EDIT: NVM for me too then I guess.


----------



## rpaillot (May 20, 2013)

World war Z Trailer approach is clearly more sound design than music. There 
are no melody, chord progression. A small sound designed rhythm here and there.

Plus the impact with the braaams get really cheap at the end of the trailer ,after having been repeated more than 20 times. I just laughed when the last braaams happened with the film logo. It sounds sooooo cliché .

The thing is people will always remember more trailers with a great theme in it, just have a look at the number of views on youtube. Humanity likes melody, something they can whistle :D 
Can you whistle world war z trailer ? :D


----------



## Greg (May 20, 2013)

Casey Edwards @ Sat May 18 said:


> Micheal Giacchino actually said in an interview that towards the end of the campaign it was his music in the trailers. They went into the studio to record music from the score for use in the trailers. He said it was re-recorded for the movie due to small changes in the scenes from the time it took to release and lock the film fully.



Did they end up not getting used? I know all the theatrical trailers were library music.

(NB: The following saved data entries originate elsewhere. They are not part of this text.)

lemma dynd_srprog_redundant:
  assumes "all_static \<Gamma>" "stat F \<subseteq> \<Gamma>" "D \<in> insert C F"
    and redundant: "conflict (F \<union> {cneg C, cneg (csubst D \<sigma>)})"
  shows "dynd \<Gamma> (Dyn (srprog C \<sigma>) D)"
proof -
  have "stat (insert (cneg C) F) \<subseteq> insert (Dyn [] (cneg C)) \<Gamma>"
    using assms(2) unfolding stat_def by auto
  then have "dynd (insert (Dyn [] (cneg C)) \<Gamma>) (Dyn [] (csubst D \<sigma>))"
    using assms(1) redundant
    by (intro dynd_static_conflict[where F = "insert (cneg C) F"]) (auto simp: insert_commute)
  then have then_branch: "dynd (insert (Dyn [] (cneg C)) \<Gamma>) (Dyn [Subst \<sigma>] D)"
    by (intro dynd.N1) simp
  have "stat (insert C F) \<subseteq> insert (Dyn [] (cneg (cneg C))) \<Gamma>"
    using assms(2) unfolding stat_def by auto
  moreover have "conflict (insert (cneg D) (insert C F))"
    using \<open>D \<in> insert C F\<close> by (intro conflict_cneg[of D]) auto
  ultimately have else_branch: "dynd (insert (Dyn [] (cneg (cneg C))) \<Gamma>) (Dyn [] D)"
    using assms(1) by (intro dynd_static_conflict[where F = "insert C F"]) auto
  show ?thesis
    unfolding srprog_def
    using dynd.N4[of "cneg C" \<Gamma> "[Subst \<sigma>]" "[]" D "[]"] then_branch else_branch by simp
qed

lemma dat_Un: "dat (\<Gamma> \<union> \<Gamma>') \<epsilon> = dat \<Gamma> \<epsilon> \<union> dat \<Gamma>' \<epsilon>"
  unfolding dat_def by auto

lemma Dyn_append_in_dpre: "Dyn (\<epsilon> @ \<delta>) C \<in> dpre \<epsilon> \<Delta> \<longleftrightarrow> Dyn \<delta> C \<in> \<Delta>"
proof
  assume "Dyn (\<epsilon> @ \<delta>) C \<in> dpre \<epsilon> \<Delta>"
  then obtain \<Phi> where "\<Phi> \<in> \<Delta>" "Dyn (\<epsilon> @ \<delta>) C = (case \<Phi> of Dyn \<delta> C \<Rightarrow> Dyn (\<epsilon> @ \<delta>) C)"
    unfolding dpre_def by blast
  then show "Dyn \<delta> C \<in> \<Delta>"
    by (cases \<Phi>) simp
qed (force simp: dpre_def)

lemma dat_dpre: "dat (dpre \<epsilon> \<Delta>) \<epsilon> = \<Delta>"
  unfolding dat_def Dyn_append_in_dpre by auto (metis dyn.exhaust)

lemma dat_all_static: "\<epsilon> \<noteq> [] \<Longrightarrow> all_static \<Gamma> \<Longrightarrow> dat \<Gamma> \<epsilon> = {}"
  unfolding dat_def by auto

text \<open>Contexts grow as lemmas are added, and the goal \<open>{\<bottom>}\<close> shrinks to \<open>{}\<close> once
  \<open>\<bottom>\<close> itself becomes a lemma (a RUP step of \<open>\<bottom>\<close>, or \<open>\<bottom> \<in> F'\<close> in a redundancy step).\<close>
definition refutes :: "'v pterm \<Rightarrow> 'v constr set \<Rightarrow> bool" where
  "refutes P F \<longleftrightarrow>
     (\<forall>\<Gamma> \<Delta>. all_static \<Gamma> \<longrightarrow> stat F \<subseteq> \<Gamma> \<longrightarrow> \<Delta> \<subseteq> {Dyn [] botc} \<longrightarrow> derives P \<Gamma> \<Delta>)"

lemma refutesD:
  "refutes P F \<Longrightarrow> all_static \<Gamma> \<Longrightarrow> stat F \<subseteq> \<Gamma> \<Longrightarrow> \<Delta> \<subseteq> {Dyn [] botc} \<Longrightarrow> derives P \<Gamma> \<Delta>"
  unfolding refutes_def by blast

lemma refutes_Qed:
  assumes "conflict F"
  shows "refutes Qed F"
  unfolding refutes_def
proof (intro allI impI)
  fix \<Gamma> \<Delta> :: "'a dyn set"
  assume \<Gamma>: "all_static \<Gamma>" "stat F \<subseteq> \<Gamma>" and \<Delta>: "\<Delta> \<subseteq> {Dyn [] botc}"
  have "dynd \<Gamma> (Dyn [] botc)"
    using \<Gamma> conflict_mono[OF assms subset_insertI] by (rule dynd_static_conflict)
  then show "derives Qed \<Gamma> \<Delta>"
    unfolding derives_Qed_all_static[OF \<Gamma>(1)] using \<Delta> by blast
qed

lemma refutes_anti_mono: "refutes P F' \<Longrightarrow> F' \<subseteq> F \<Longrightarrow> refutes P F"
  unfolding refutes_def stat_def by (meson image_mono subset_trans)

lemma refutes_rup:
  assumes "rup F C" "refutes P (insert C F)"
  shows "refutes (Lem {Dyn [] C} Qed P) F"
  unfolding refutes_def
proof (intro allI impI)
  fix \<Gamma> \<Delta> :: "'a dyn set"
  assume \<Gamma>: "all_static \<Gamma>" "stat F \<subseteq> \<Gamma>" and \<Delta>: "\<Delta> \<subseteq> {Dyn [] botc}"
  have "dynd \<Gamma> (Dyn [] C)"
    using \<Gamma> \<open>rup F C\<close> unfolding rup_def by (rule dynd_static_conflict)
  moreover have "derives P (\<Gamma> \<union> {Dyn [] C}) (\<Delta> - {Dyn [] C})"
  proof (rule refutesD[OF \<open>refutes P (insert C F)\<close>])
    show "all_static (\<Gamma> \<union> {Dyn [] C})"
      using \<Gamma>(1) by simp
    show "stat (insert C F) \<subseteq> \<Gamma> \<union> {Dyn [] C}"
      using \<Gamma>(2) by (auto simp: stat_def)
    show "\<Delta> - {Dyn [] C} \<subseteq> {Dyn [] botc}"
      using \<Delta> by blast
  qed
  ultimately show "derives (Lem {Dyn [] C} Qed P) \<Gamma> \<Delta>"
    unfolding derives.simps(3) derives_Qed_all_static[OF \<Gamma>(1)] by simp
qed

lemma refutes_redundant:
  assumes "F' \<subseteq> insert C F"
    and redundant: "\<forall>D \<in> F'. conflict (F \<union> {cneg C, cneg (csubst D \<sigma>)})"
    and "refutes P F'"
  shows "refutes (Lem {Dyn (srprog C \<sigma>) botc}
                    (Lem (dpre (srprog C \<sigma>) (stat F')) Qed (Ctx (srprog C \<sigma>) P Qed))
                    (Elim Qed)) F"
  unfolding refutes_def
proof (intro allI impI)
  fix \<Gamma> \<Delta> :: "'a dyn set"
  assume \<Gamma>: "all_static \<Gamma>" "stat F \<subseteq> \<Gamma>" and \<Delta>: "\<Delta> \<subseteq> {Dyn [] botc}"
  let ?\<epsilon> = "srprog C \<sigma>"
  let ?\<Theta> = "dpre ?\<epsilon> (stat F')"
  let ?\<Delta>' = "{Dyn ?\<epsilon> botc} - ?\<Theta>"
  have \<epsilon>: "?\<epsilon> \<noteq> []"
    by (simp add: srprog_def)
  have "dynd \<Gamma> (Dyn ?\<epsilon> D)" if "D \<in> F'" for D
    using \<Gamma> assms(1) redundant that by (intro dynd_srprog_redundant) auto
  then have \<Theta>_holds: "derives Qed \<Gamma> ?\<Theta>"
    using \<Gamma>(1) by (auto simp: down_all_static dpre_def stat_def)
  have "dat (\<Gamma> \<union> ?\<Theta>) ?\<epsilon> = stat F'"
    using \<epsilon> \<Gamma>(1) by (simp add: dat_Un dat_dpre dat_all_static)
  moreover have "dat ?\<Delta>' ?\<epsilon> \<subseteq> {Dyn [] botc}"
    unfolding dat_def by auto
  ultimately have "derives P (dat (\<Gamma> \<union> ?\<Theta>) ?\<epsilon>) (dat ?\<Delta>' ?\<epsilon>)"
    using refutesD[OF \<open>refutes P F'\<close> all_static_stat subset_refl] by simp
  moreover have rest: "?\<Delta>' - dpre ?\<epsilon> (dat ?\<Delta>' ?\<epsilon>) = {}"
    unfolding dat_def dpre_def by auto
  ultimately have in_context: "derives (Ctx ?\<epsilon> P Qed) (\<Gamma> \<union> ?\<Theta>) ?\<Delta>'"
    by (simp only: derives.simps rest) simp
  have "\<Delta> - {Dyn ?\<epsilon> botc} = \<Delta>" "down \<Delta> = \<Delta>"
    using \<Delta> \<epsilon> by (auto simp: down_def)
  moreover have "\<forall>\<Phi> \<in> \<Delta>. dynd (\<Gamma> \<union> {Dyn ?\<epsilon> botc}) \<Phi>"
    using \<Delta> dynd_srprog_botc[OF \<Gamma>(1)] by auto
  ultimately have elim: "derives (Elim Qed) (\<Gamma> \<union> {Dyn ?\<epsilon> botc}) (\<Delta> - {Dyn ?\<epsilon> botc})"
    by simp
  show "derives (Lem {Dyn ?\<epsilon> botc} (Lem ?\<Theta> Qed (Ctx ?\<epsilon> P Qed)) (Elim Qed)) \<Gamma> \<Delta>"
    unfolding derives.simps(3) using \<Theta>_holds in_context elim by blast
qed

lemma sr_redundant:
  "sr F C \<sigma> \<Longrightarrow> \<forall>D \<in> insert C F. conflict (F \<union> {cneg C, cneg (csubst D \<sigma>)})"
  unfolding sr_def by (auto elim: conflict_mono)

lemma wsr_redundant:
  "wsr F C \<sigma> G \<Longrightarrow> \<forall>D \<in> insert C (F - G). conflict (F \<union> {cneg C, cneg (csubst D \<sigma>)})"
  unfolding wsr_def by auto

lemma refutes_translate: "derivation F \<pi> \<Longrightarrow> conflict (accf F \<pi>) \<Longrightarrow> refutes (translate F \<pi>) F"
proof (induction F \<pi> rule: derivation.induct)
  case (1 F)
  then show ?case by (simp add: refutes_Qed)
next
  case (2 F C \<pi>)
  then show ?case by (auto intro: refutes_anti_mono)
next
  case (3 F C \<pi>)
  then show ?case by (simp add: refutes_rup)
next
  case (4 F C \<sigma> \<pi>)
  then have "sr F C \<sigma>" "refutes (translate (insert C F) \<pi>) (insert C F)"
    by auto
  then show ?case
    by (simp add: Let_def refutes_redundant[OF subset_refl sr_redundant])
next
  case (5 F C \<sigma> G \<pi>)
  then have "wsr F C \<sigma> G" "refutes (translate (insert C (F - G)) \<pi>) (insert C (F - G))"
    by auto
  moreover have "insert C (F - G) \<subseteq> insert C F"
    by blast
  ultimately show ?case
    by (simp add: Let_def refutes_redundant[OF _ wsr_redundant])
qed

theorem mainTheorem6:
  fixes F :: "'v constr set" and \<pi> :: "'v instr list"
  assumes "finite F"
    and "derivation F \<pi>"
    and "conflict (accf F \<pi>)"
  shows "derives (translate F \<pi>) (stat F) {Dyn [] botc}"
  using refutesD[OF refutes_translate[OF assms(2,3)] all_static_stat] by simp

end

The TV spots that I saw were also library music, and one internet spot even used "Freedom Fighters" from TSFH again. Maybe they tried using the score for trailer spots but it ended up not working?

That campaign used some really cool tracks:

http://www.youtube.com/watch?v=PZsfAOeaSP4

http://www.youtube.com/watch?v=GQEUds6JKjo

http://www.youtube.com/watch?v=J612EiVTvLo


----------



## Casey Edwards (May 20, 2013)

Greg @ Mon May 20 said:


> Casey Edwards @ Sat May 18 said:
> 
> 
> > Micheal Giacchino actually said in an interview that towards the end of the campaign it was his music in the trailers. They went into the studio to record music from the score for use in the trailers. He said it was re-recorded for the movie due to small changes in the scenes from the time it took to release and lock the film fully.
> ...



I can't remember exactly at the moment, but here is the interview I heard it from if I remember correctly: http://www.wqxr.org/#!/programs/movies/2013/may/04/. Hopefully I didn't remember the interview wrongly. Check it out.


----------



## Generdyn (May 20, 2013)

Cool! I was asking y self the question of what will come next for around 2 weeks now, and before I saw this thread I came to the same conclusion. I'm not an expert but I think that atmospheric drones are going to be the cool thing.

I made some new sounds the other day, if you just listen to the atmos ones and* ignore the inceptions* xD http://snd.sc/10JUnXG

Regards,
Generdyn


----------



## Guy Rowland (May 20, 2013)

Lex @ Mon May 20 said:


> Guy Rowland @ Mon May 20 said:
> 
> 
> > Trailers are capsule stories. All the storytelling rules that apply to films apply to trailers too really. I think - hope - that's what we're gonna see coming to fore now.
> ...



Tis true. But here's the interesting thing. Man Of Steel feels pretty much as influential as a trailer as the Inception one a few years before - it makes everything else sound old. So if you're trying to rip that off - which is what trailer companies do by trade in terms of style - what do you do? With Inception it was a piece of cake - get yourself a BRAAAAAAAM and get it fast. Now what?

My point really is that storytelling might be a gimmick for a while. As they order their mochalatefrappcinis (which is what I presume marketing people do all day), they'll eulogise over discovering narrative and epic sweeps like they invented it 20 minutes ago. Well, what else is a candidate in Man Of Steel? Ach, maybe they'll just rip the cool rhythm on the big drums.


----------



## Waywyn (May 21, 2013)

Guy Rowland @ Sun May 19 said:


> Daniel James @ Sun May 19 said:
> 
> 
> > I predict minimalist sound design for the next 'phase'....Any bets from you Guy?
> ...



Guy, briefs do change all the time. There is constant "try to come up with something new". It is not on us nor the music company to change what trailer houses like to use. I personally do what I am asked for, to either try something new and be inventive or follow the BRAAAM.
To complain about the BRAAAM or trendy specific sounds is like to complain about Jeans or trendy hairstyles. It is just there, it will fade away and will be replaced to something else (which again may annoy ) ... and some things like Jeans will always stay!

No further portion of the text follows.